[Stored items]
● ● ● ● ● ● ●

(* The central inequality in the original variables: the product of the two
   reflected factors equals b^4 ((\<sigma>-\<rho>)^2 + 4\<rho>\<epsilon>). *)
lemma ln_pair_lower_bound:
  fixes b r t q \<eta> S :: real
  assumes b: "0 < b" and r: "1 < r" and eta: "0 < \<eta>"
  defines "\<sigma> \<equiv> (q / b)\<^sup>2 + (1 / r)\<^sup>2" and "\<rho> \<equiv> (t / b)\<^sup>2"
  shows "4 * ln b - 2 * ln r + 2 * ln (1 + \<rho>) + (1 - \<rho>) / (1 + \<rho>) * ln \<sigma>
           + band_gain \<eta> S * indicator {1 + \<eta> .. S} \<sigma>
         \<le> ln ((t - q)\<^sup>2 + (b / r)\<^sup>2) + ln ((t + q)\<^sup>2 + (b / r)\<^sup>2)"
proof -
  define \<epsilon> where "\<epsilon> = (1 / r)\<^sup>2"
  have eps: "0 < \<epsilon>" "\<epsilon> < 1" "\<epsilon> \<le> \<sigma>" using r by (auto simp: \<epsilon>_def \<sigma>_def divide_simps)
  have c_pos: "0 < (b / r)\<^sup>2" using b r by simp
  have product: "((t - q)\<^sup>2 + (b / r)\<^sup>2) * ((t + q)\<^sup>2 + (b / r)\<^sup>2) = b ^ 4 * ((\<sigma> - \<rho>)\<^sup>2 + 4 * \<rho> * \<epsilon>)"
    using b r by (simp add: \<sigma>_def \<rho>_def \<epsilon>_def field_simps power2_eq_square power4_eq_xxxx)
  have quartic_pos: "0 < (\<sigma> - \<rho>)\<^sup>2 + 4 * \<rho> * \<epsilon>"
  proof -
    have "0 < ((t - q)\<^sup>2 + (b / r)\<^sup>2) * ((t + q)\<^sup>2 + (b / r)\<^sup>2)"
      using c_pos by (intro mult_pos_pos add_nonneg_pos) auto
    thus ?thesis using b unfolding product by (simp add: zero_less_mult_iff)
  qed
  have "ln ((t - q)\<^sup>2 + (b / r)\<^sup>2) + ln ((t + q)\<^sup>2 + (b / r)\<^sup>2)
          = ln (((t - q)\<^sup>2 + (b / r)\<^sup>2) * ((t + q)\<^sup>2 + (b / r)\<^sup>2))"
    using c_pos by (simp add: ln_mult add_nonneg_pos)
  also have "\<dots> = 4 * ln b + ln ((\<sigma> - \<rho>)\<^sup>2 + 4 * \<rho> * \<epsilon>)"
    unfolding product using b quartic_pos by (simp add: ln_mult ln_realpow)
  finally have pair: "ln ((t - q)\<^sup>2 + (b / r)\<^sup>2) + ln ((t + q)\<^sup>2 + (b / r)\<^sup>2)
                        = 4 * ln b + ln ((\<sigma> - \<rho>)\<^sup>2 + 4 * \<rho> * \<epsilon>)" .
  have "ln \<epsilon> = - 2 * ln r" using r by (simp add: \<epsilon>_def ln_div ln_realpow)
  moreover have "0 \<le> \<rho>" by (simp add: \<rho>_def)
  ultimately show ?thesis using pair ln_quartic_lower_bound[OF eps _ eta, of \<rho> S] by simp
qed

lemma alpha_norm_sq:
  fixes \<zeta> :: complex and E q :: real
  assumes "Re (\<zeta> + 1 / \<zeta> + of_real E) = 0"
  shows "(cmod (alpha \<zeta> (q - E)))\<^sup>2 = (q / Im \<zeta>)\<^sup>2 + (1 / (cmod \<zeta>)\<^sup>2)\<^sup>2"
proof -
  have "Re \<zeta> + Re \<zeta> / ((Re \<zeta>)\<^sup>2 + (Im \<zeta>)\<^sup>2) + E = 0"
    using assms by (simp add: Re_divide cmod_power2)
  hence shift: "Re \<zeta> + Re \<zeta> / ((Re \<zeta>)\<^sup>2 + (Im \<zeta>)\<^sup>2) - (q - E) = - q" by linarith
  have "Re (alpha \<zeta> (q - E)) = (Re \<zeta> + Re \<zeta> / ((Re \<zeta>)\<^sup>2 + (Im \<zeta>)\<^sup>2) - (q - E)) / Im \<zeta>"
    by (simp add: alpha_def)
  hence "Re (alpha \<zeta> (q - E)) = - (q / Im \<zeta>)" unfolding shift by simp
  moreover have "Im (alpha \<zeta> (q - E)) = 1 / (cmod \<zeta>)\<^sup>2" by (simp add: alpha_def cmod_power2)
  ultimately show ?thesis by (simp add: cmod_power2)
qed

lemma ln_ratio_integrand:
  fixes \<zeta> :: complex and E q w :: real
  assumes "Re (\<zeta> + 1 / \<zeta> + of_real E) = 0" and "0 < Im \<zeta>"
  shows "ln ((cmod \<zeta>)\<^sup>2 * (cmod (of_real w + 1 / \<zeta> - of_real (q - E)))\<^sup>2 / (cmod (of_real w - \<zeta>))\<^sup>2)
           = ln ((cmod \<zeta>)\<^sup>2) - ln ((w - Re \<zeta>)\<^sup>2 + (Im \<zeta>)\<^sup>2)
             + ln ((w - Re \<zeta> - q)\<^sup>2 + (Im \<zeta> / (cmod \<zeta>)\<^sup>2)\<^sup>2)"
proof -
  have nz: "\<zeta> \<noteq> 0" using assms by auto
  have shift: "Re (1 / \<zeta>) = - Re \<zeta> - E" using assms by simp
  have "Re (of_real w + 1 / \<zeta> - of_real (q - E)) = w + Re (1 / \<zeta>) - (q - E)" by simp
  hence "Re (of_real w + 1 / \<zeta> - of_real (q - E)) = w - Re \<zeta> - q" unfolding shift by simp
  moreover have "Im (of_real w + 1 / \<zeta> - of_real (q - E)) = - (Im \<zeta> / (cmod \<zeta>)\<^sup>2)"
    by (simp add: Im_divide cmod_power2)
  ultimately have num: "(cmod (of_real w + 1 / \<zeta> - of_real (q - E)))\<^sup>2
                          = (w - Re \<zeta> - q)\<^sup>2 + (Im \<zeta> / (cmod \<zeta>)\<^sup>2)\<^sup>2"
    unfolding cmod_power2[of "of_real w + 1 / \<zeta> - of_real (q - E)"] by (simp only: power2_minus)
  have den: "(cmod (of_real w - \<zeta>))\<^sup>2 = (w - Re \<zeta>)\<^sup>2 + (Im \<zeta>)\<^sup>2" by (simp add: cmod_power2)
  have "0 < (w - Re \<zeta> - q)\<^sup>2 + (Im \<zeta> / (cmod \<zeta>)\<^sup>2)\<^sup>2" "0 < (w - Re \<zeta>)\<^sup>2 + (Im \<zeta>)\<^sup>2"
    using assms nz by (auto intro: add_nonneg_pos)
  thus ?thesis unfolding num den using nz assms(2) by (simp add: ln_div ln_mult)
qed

● ● ● ● ● ● ●

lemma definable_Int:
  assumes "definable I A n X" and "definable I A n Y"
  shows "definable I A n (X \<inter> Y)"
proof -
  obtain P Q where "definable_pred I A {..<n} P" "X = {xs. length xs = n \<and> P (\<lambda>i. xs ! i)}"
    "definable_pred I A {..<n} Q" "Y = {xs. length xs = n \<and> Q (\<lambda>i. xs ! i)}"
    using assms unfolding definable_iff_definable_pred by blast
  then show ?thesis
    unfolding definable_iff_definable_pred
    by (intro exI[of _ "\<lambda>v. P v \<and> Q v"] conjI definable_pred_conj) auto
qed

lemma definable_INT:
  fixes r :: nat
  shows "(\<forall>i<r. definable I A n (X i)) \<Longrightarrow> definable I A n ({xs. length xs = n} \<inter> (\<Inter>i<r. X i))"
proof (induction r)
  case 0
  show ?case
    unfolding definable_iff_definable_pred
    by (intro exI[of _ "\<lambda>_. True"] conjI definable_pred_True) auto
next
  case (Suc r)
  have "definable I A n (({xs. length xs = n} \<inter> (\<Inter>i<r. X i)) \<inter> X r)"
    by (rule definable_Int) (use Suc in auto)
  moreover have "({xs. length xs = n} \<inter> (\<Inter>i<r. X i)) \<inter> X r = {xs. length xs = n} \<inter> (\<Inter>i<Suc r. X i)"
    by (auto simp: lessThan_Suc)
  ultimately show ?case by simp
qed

● ● ● ● ● ● ●

▶ [Goal of the exercise]:
In the entries above, find every line holding the word "fixes" and copy it out.

▶ [Answer section]:
  fixes b r t q \<eta> S :: real
  fixes \<zeta> :: complex and E q :: real
  fixes \<zeta> :: complex and E q w :: real
  fixes r :: nat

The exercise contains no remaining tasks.